- Problem to work on
Everything from the line containing "An E3-reduction \<open>\<Gamma>\<close>" through the line containing "many classes of" in the listing below should be copied exactly, and nothing more.

■ ■ ■ ■ ■

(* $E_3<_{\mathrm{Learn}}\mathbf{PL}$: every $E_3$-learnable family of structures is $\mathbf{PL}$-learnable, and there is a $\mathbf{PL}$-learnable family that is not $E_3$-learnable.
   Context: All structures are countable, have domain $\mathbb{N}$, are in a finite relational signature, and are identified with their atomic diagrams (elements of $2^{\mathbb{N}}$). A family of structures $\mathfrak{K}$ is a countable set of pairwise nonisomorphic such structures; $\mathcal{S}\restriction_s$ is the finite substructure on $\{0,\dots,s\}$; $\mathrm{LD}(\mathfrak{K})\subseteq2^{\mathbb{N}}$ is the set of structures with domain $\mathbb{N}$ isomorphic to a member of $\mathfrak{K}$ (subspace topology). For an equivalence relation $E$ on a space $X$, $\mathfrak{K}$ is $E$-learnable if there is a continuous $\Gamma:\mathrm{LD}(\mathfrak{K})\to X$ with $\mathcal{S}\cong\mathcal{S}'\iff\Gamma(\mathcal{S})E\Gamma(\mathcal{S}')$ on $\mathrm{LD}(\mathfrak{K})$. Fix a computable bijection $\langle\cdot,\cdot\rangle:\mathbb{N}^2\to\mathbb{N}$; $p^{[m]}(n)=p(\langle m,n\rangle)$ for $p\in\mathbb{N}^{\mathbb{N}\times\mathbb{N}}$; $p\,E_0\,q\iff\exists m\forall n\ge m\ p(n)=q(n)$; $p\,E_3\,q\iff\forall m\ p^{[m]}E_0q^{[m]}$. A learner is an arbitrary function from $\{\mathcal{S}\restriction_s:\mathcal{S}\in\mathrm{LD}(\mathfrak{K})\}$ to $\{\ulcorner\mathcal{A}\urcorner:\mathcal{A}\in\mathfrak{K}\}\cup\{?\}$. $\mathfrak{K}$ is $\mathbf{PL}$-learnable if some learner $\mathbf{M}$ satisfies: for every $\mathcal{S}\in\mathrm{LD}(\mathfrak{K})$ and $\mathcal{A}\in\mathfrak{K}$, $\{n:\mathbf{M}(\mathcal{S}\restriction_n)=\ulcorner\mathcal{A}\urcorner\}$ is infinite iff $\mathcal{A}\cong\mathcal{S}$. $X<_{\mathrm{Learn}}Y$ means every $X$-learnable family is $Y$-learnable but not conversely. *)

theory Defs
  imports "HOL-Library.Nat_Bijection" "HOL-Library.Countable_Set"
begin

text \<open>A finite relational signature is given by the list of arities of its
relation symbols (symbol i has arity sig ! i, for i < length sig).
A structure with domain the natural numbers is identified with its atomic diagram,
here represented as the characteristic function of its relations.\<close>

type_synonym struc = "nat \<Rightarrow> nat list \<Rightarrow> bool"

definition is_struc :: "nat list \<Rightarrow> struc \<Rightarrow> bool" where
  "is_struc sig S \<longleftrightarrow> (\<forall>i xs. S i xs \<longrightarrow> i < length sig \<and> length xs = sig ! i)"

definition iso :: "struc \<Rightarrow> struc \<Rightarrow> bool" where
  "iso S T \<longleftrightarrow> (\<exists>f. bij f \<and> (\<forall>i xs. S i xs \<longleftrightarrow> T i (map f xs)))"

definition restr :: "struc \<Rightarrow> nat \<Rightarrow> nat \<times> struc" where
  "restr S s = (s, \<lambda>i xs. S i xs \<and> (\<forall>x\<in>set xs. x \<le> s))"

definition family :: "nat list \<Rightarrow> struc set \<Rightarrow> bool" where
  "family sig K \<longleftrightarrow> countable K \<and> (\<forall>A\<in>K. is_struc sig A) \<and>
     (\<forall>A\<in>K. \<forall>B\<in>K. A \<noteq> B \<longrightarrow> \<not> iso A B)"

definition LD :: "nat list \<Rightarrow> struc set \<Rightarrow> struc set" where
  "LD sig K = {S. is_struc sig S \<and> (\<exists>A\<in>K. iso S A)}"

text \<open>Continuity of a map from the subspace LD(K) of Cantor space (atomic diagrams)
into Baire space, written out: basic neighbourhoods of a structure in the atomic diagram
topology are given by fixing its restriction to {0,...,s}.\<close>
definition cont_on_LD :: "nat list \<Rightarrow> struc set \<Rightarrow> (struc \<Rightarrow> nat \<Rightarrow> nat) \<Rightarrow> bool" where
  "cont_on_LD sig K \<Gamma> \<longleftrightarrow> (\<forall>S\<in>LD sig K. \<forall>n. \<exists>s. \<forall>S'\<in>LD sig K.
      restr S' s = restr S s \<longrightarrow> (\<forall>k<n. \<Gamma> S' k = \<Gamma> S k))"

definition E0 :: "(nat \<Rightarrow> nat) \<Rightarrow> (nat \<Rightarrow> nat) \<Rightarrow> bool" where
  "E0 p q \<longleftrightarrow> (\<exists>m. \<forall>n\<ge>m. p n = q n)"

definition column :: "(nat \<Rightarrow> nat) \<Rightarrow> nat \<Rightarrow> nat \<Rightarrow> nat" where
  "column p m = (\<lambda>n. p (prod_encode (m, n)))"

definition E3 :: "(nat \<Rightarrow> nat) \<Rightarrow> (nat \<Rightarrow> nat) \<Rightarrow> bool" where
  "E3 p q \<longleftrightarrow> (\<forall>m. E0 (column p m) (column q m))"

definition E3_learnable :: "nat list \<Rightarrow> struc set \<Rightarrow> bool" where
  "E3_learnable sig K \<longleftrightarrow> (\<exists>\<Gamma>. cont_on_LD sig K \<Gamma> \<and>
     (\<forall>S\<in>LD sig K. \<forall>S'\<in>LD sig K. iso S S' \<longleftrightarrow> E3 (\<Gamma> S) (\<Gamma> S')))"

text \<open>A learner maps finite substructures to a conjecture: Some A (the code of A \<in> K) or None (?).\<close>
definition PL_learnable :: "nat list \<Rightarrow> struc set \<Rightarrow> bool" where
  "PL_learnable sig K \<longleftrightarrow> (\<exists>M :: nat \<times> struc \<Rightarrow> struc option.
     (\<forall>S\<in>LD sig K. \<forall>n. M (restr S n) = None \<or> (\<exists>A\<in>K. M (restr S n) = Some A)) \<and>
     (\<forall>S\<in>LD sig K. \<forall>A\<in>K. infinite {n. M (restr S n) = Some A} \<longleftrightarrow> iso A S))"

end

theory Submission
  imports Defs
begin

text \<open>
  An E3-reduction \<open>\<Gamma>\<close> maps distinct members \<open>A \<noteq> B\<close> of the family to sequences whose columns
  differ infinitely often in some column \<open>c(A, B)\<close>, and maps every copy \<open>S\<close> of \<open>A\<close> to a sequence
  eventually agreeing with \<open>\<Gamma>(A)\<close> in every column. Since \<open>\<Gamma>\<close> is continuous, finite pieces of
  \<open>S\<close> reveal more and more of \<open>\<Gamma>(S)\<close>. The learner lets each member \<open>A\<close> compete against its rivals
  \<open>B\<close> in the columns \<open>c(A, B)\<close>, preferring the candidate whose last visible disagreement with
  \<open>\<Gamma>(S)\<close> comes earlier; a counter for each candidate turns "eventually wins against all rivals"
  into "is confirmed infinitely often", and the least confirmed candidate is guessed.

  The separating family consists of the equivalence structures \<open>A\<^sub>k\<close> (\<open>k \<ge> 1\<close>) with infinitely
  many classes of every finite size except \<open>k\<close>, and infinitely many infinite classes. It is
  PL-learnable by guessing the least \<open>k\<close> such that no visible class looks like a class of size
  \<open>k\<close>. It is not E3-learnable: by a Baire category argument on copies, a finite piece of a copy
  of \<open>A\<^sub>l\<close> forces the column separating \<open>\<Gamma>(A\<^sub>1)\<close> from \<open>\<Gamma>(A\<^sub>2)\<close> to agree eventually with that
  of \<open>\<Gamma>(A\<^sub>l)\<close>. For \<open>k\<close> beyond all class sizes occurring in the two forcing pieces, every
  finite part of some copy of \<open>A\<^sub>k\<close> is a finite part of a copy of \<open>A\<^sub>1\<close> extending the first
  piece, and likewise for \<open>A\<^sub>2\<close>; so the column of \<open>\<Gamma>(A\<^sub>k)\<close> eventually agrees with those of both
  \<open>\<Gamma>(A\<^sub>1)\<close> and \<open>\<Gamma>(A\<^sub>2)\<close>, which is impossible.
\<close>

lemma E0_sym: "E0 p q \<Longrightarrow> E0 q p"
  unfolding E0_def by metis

■ ■ ■ ■ ■

- Answer section
  An E3-reduction \<open>\<Gamma>\<close> maps distinct members \<open>A \<noteq> B\<close> of the family to sequences whose columns
  differ infinitely often in some column \<open>c(A, B)\<close>, and maps every copy \<open>S\<close> of \<open>A\<close> to a sequence
  eventually agreeing with \<open>\<Gamma>(A)\<close> in every column. Since \<open>\<Gamma>\<close> is continuous, finite pieces of
  \<open>S\<close> reveal more and more of \<open>\<Gamma>(S)\<close>. The learner lets each member \<open>A\<close> compete against its rivals
  \<open>B\<close> in the columns \<open>c(A, B)\<close>, preferring the candidate whose last visible disagreement with
  \<open>\<Gamma>(S)\<close> comes earlier; a counter for each candidate turns "eventually wins against all rivals"
  into "is confirmed infinitely often", and the least confirmed candidate is guessed.

  The separating family consists of the equivalence structures \<open>A\<^sub>k\<close> (\<open>k \<ge> 1\<close>) with infinitely
  many classes of every finite size except \<open>k\<close>, and infinitely many infinite classes. It is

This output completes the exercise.